» The task
The answer is a single number: the count of lines below in which the word "defines" appears.

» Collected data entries
········
lemma pd_add:
  assumes "f differentiable at x" "g differentiable at x"
  shows "pd i (\<lambda>y. f y + g y) x = pd i f x + pd i g x"
  using pd_eq_has_derivative[OF has_derivative_add[OF assms[unfolded frechet_derivative_works]]]
  by (simp add: pd_def)

lemma pd_mult:
  assumes "f differentiable at x" "g differentiable at x"
  shows "pd i (\<lambda>y. f y * g y) x = pd i f x * g x + f x * pd i g x"
  using pd_eq_has_derivative[OF has_derivative_mult[OF assms[unfolded frechet_derivative_works]]]
  by (simp add: pd_def)

lemma pd_sum:
  assumes "\<And>e. e \<in> S \<Longrightarrow> F e differentiable at x"
  shows "pd i (\<lambda>y. \<Sum>e\<in>S. F e y) x = (\<Sum>e\<in>S. pd i (F e) x)"
  using pd_eq_has_derivative[OF has_derivative_sum[of S F "\<lambda>e. frechet_derivative (F e) (at x)"]]
    assms by (simp add: pd_def frechet_derivative_works)

lemma pd_cong_open:
  assumes "open V" "x \<in> V" "f differentiable at x" "\<And>y. y \<in> V \<Longrightarrow> f y = g y"
  shows "pd i f x = pd i g x"
  unfolding pd_def using frechet_derivative_transform_within_open[OF assms(3,1,2,4)] by simp

lemma has_real_derivative_along_axis:
  fixes f :: "real^'n::finite \<Rightarrow> real"
  assumes "f differentiable at (y + s *\<^sub>R axis i 1)"
  shows "((\<lambda>s. f (y + s *\<^sub>R axis i 1)) has_real_derivative pd i f (y + s *\<^sub>R axis i 1)) (at s)"
proof -
  let ?f' = "frechet_derivative f (at (y + s *\<^sub>R axis i 1))"
  have f': "(f has_derivative ?f') (at (y + s *\<^sub>R axis i 1))"
    using assms frechet_derivative_works by blast
  have "((\<lambda>s. y + s *\<^sub>R axis i 1) has_derivative (\<lambda>h. h *\<^sub>R axis i 1)) (at s)"
    by (auto intro!: derivative_eq_intros)
  from diff_chain_at[OF this f']
  have "((\<lambda>s. f (y + s *\<^sub>R axis i 1)) has_derivative (\<lambda>h. ?f' (h *\<^sub>R axis i 1))) (at s)"
    by (simp add: o_def)
  moreover have "linear ?f'"
    using f' has_derivative_linear by blast
  ultimately show ?thesis
    unfolding pd_def by (auto intro!: has_derivative_imp_has_field_derivative simp: linear_scale mult.commute)
qed

lemma mixed_difference_mean_value:
  fixes f :: "real^'n::finite \<Rightarrow> real" and i j :: 'n
  defines "u \<equiv> axis i (1::real)" and "v \<equiv> axis j (1::real)"
  assumes h: "0 < h"
    and box: "\<And>s t. 0 \<le> s \<Longrightarrow> s \<le> h \<Longrightarrow> 0 \<le> t \<Longrightarrow> t \<le> h \<Longrightarrow> x + s *\<^sub>R u + t *\<^sub>R v \<in> U"
    and df: "\<And>p. p \<in> U \<Longrightarrow> f differentiable at p"
    and dfi: "\<And>p. p \<in> U \<Longrightarrow> pd i f differentiable at p"
  obtains s t where "0 < s" "s < h" "0 < t" "t < h"
    "f (x + h *\<^sub>R u + h *\<^sub>R v) - f (x + h *\<^sub>R u) - f (x + h *\<^sub>R v) + f x
       = h * h * pd j (pd i f) (x + s *\<^sub>R u + t *\<^sub>R v)"
proof -
  have "\<exists>s. 0 < s \<and> s < h \<and>
      (f (x + h *\<^sub>R v + h *\<^sub>R u) - f (x + h *\<^sub>R u)) - (f (x + h *\<^sub>R v + 0 *\<^sub>R u) - f (x + 0 *\<^sub>R u))
      = (h - 0) * (pd i f (x + h *\<^sub>R v + s *\<^sub>R u) - pd i f (x + s *\<^sub>R u))"
  proof (rule MVT2)
    fix s assume "0 \<le> s" "s \<le> h"
    then have "x + h *\<^sub>R v + s *\<^sub>R u \<in> U" "x + s *\<^sub>R u \<in> U"
      using box[of s h] box[of s 0] h by (simp_all add: add_ac)
    then show "((\<lambda>s. f (x + h *\<^sub>R v + s *\<^sub>R u) - f (x + s *\<^sub>R u)) has_real_derivative
        pd i f (x + h *\<^sub>R v + s *\<^sub>R u) - pd i f (x + s *\<^sub>R u)) (at s)"
      unfolding u_def by (intro DERIV_diff has_real_derivative_along_axis df)
  qed (rule h)
  then obtain s where s: "0 < s" "s < h"
    and first: "f (x + h *\<^sub>R u + h *\<^sub>R v) - f (x + h *\<^sub>R u) - f (x + h *\<^sub>R v) + f x
      = h * (pd i f (x + s *\<^sub>R u + h *\<^sub>R v) - pd i f (x + s *\<^sub>R u + 0 *\<^sub>R v))"
    by (auto simp: add_ac)
  have "\<exists>t. 0 < t \<and> t < h \<and>
      pd i f (x + s *\<^sub>R u + h *\<^sub>R v) - pd i f (x + s *\<^sub>R u + 0 *\<^sub>R v)
      = (h - 0) * pd j (pd i f) (x + s *\<^sub>R u + t *\<^sub>R v)"
  proof (rule MVT2)
    fix t assume "0 \<le> t" "t \<le> h"
    then show "((\<lambda>t. pd i f (x + s *\<^sub>R u + t *\<^sub>R v)) has_real_derivative
        pd j (pd i f) (x + s *\<^sub>R u + t *\<^sub>R v)) (at t)"
      unfolding v_def using s by (intro has_real_derivative_along_axis dfi box[unfolded v_def]) auto
  qed (rule h)
  with first that s show thesis by auto
qed
(* Let $N\geq 0$ be an integer. For every real $t\neq 0$, \[ (-1)^N\left(\frac{\tanh t}{t}-\sum_{j=1}^{N}\frac{2^{2j}(2^{2j}-1)B_{2j}}{(2j)!}t^{2j-2}\right)>0 . \] In particular, for every integer $m\geq 1$ and real $t\neq0$, \[ \sum_{j=1}^{2m}\frac{2^{2j}(2^{2j}-1)B_{2j}}{(2j)!}t^{2j-2}<\frac{\tanh t}{t}<\sum_{j=1}^{2m-1}\frac{2^{2j}(2^{2j}-1)B_{2j}}{(2j)!}t^{2j-2}. \]
   Context: The Bernoulli numbers $B_n$ are defined by $\frac{t}{e^t-1}=\sum_{n=0}^\infty B_n\frac{t^n}{n!}$ for $|t|<2\pi$. An empty sum is understood to be zero. *)

theory Defs
  imports "HOL-Analysis.Analysis" "HOL-Computational_Algebra.Formal_Power_Series"
begin

text \<open>Bernoulli numbers: B n = n! times the n-th Taylor coefficient of t/(e^t - 1).
  The power series of (e^t - 1)/t is sum_n t^n/(n+1)!, and t/(e^t-1) is its
  (formal power series) inverse; this agrees with the analytic expansion for |t| < 2 pi.\<close>

definition bernoulli_num :: "nat \<Rightarrow> real" where
  "bernoulli_num n = fact n * fps_nth (inverse (Abs_fps (\<lambda>k. 1 / fact (Suc k)))) n"

end

theory Submission
  imports Defs
begin

(* Write a_k = ((2k+1) pi)^2. The reflection formula for the digamma function gives the partial
   fraction expansion tanh t / t = sum_k 8 / (a_k + 4t^2). Expanding each summand geometrically up
   to order N with exact remainder gives
     tanh t / t = sum_{i<N} 8 (-4t^2)^i sum_k a_k^-(i+1)  +  (-4t^2)^N R_N(4t^2),
   where R_N(x) = sum_k 8 / (a_k^N (a_k + x)) > 0, so (-1)^N times the truncation error is positive.
   The coefficients are recognised as the Bernoulli terms through t tanh t = t + B(4t) - B(2t) with
   B(x) = x / (e^x - 1), which gives the power series of tanh t / t in terms of Bernoulli numbers;
   a convergent power series is determined by any asymptotic expansion at 0. *)

section \<open>Partial fractions of tanh\<close>

lemma tanh_complex_of_real: "tanh (complex_of_real t) = of_real (tanh t)"
  unfolding tanh_altdef by (simp add: exp_of_real flip: of_real_minus)

lemma cot_pi_half_plus_i_times: "cot (complex_of_real (pi/2) + \<i> * of_real t) = - \<i> * of_real (tanh t)"
proof -
  have "cot (complex_of_real (pi/2) + \<i> * of_real t) = - tan (\<i> * of_real t)"
    by (simp add: cot_def tan_def sin_add cos_add flip: sin_of_real cos_of_real)
  also have "\<dots> = - \<i> * of_real (tanh t)"
    by (simp add: tan_conv_tanh tanh_complex_of_real)
  finally show ?thesis .
qed

lemma sin_pi_times_nonzero:
  fixes z :: complex assumes "z \<notin> \<int>" shows "sin (of_real pi * z) \<noteq> 0"
proof
  assume "sin (of_real pi * z) = 0"
  then obtain n :: int where "of_real pi * z = of_real pi * of_int n"
    by (auto simp: sin_eq_0 mult.commute)
  hence "z = of_int n" by simp
  with assms show False by simp
qed

lemma Digamma_reflection:
  fixes z :: complex assumes z: "z \<notin> \<int>"
  shows "Digamma (1 - z) - Digamma z = of_real pi * cot (of_real pi * z)"
proof -
  define f where "f w = Gamma w * Gamma (1 - w) * sin (of_real pi * w)" for w :: complex
  have f_const: "f w = of_real pi" if "w \<in> - \<int>" for w
    using that sin_pi_times_nonzero[of w] Gamma_reflection_complex[of w] by (simp add: f_def)
  have f_deriv_0: "(f has_field_derivative 0) (at z)"
  proof (rule has_field_derivative_transform_within_open[of "\<lambda>_. of_real pi" 0 z "- \<int>"])
    show "open (- \<int> :: complex set)" by (simp add: open_Compl)
  qed (use z f_const in auto)
  have nonpos: "z \<notin> \<int>\<^sub>\<le>\<^sub>0" "1 - z \<notin> \<int>\<^sub>\<le>\<^sub>0"
  proof -
    have "1 - z \<notin> \<int>" using z Ints_diff[of 1 "1 - z"] by auto
    with z show "z \<notin> \<int>\<^sub>\<le>\<^sub>0" "1 - z \<notin> \<int>\<^sub>\<le>\<^sub>0" by (auto dest: nonpos_Ints_Int)
  qed
  have "(f has_field_derivative
      (Gamma z * Digamma z * Gamma (1 - z) * sin (of_real pi * z)
       - Gamma z * (Gamma (1 - z) * Digamma (1 - z)) * sin (of_real pi * z)
       + Gamma z * Gamma (1 - z) * (cos (of_real pi * z) * of_real pi))) (at z)"
    unfolding f_def using nonpos by (auto intro!: derivative_eq_intros simp: algebra_simps)
  from DERIV_unique[OF this f_deriv_0]
  have "Gamma z * Gamma (1 - z) * (sin (of_real pi * z) * (Digamma z - Digamma (1 - z))
      + of_real pi * cos (of_real pi * z)) = 0"
    by (simp add: algebra_simps)
  moreover have "Gamma z * Gamma (1 - z) \<noteq> 0" using nonpos by (simp add: Gamma_eq_zero_iff)
  ultimately have "sin (of_real pi * z) * (Digamma z - Digamma (1 - z)) + of_real pi * cos (of_real pi * z) = 0"
    by simp
  with sin_pi_times_nonzero[OF z] show ?thesis by (simp add: cot_def field_simps)
qed

lemma cot_partial_fractions:
  fixes z :: complex assumes "z \<notin> \<int>"
  shows "(\<lambda>k. inverse (z + of_nat k) - inverse (1 - z + of_nat k)) sums (of_real pi * cot (of_real pi * z))"
proof -
  have nz: "z \<noteq> 0" "1 - z \<noteq> 0" using assms by auto
  have "(\<lambda>k. inverse (of_nat (Suc k)) - inverse (w + of_nat k)) sums (Digamma w + euler_mascheroni)"
    if "w \<noteq> 0" for w :: complex
    using summable_Digamma[OF that] by (simp add: Digamma_def summable_sums)
  from sums_diff[OF this[OF nz(2)] this[OF nz(1)]]
  have "(\<lambda>k. inverse (z + of_nat k) - inverse (1 - z + of_nat k)) sums (Digamma (1 - z) - Digamma z)"
    by simp
  thus ?thesis unfolding Digamma_reflection[OF assms] .
qed

lemma tanh_partial_fraction_summand:
  fixes t :: real
  defines "z \<equiv> complex_of_real (1/2) + \<i> * of_real (t / pi)"
  shows "inverse (z + of_nat k) - inverse (1 - z + of_nat k)
    = - \<i> * of_real pi * of_real (8 * t / (((2 * real k + 1) * pi)^2 + 4 * t^2))"
proof -
  define c where "c = real k + 1/2"
  define w where "w = \<i> * of_real (t / pi)"
  define D where "D = ((2 * real k + 1) * pi)^2 + 4 * t^2"
  have "D > 0" unfolding D_def by (intro add_pos_nonneg) auto
  have z_plus: "z + of_nat k = of_real c + w" and one_minus_z_plus: "1 - z + of_nat k = of_real c - w"
    by (simp_all add: z_def c_def w_def algebra_simps)
  have "(of_real c + w) * (of_real c - w) = of_real (c^2 + (t / pi)^2)"
    by (simp add: w_def algebra_simps power2_eq_square)
  also have "c^2 + (t / pi)^2 = D / (4 * pi^2)"
    unfolding c_def D_def by (simp add: field_simps power2_eq_square)
  finally have prod: "(of_real c + w) * (of_real c - w) = of_real (D / (4 * pi^2))" .
  hence "of_real c + w \<noteq> 0" "of_real c - w \<noteq> 0" using \<open>D > 0\<close> by auto
  hence "inverse (of_real c + w) - inverse (of_real c - w) = - 2 * w / ((of_real c + w) * (of_real c - w))"
    by (simp add: field_simps)
  also have "\<dots> = - \<i> * of_real (2 * t / pi / (D / (4 * pi^2)))"
    unfolding prod by (simp add: w_def)
  also have "2 * t / pi / (D / (4 * pi^2)) = pi * (8 * t / D)"
    using \<open>D > 0\<close> by (simp add: field_simps power2_eq_square)
  finally show ?thesis unfolding z_plus one_minus_z_plus D_def by simp
qed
········
» Answer box
2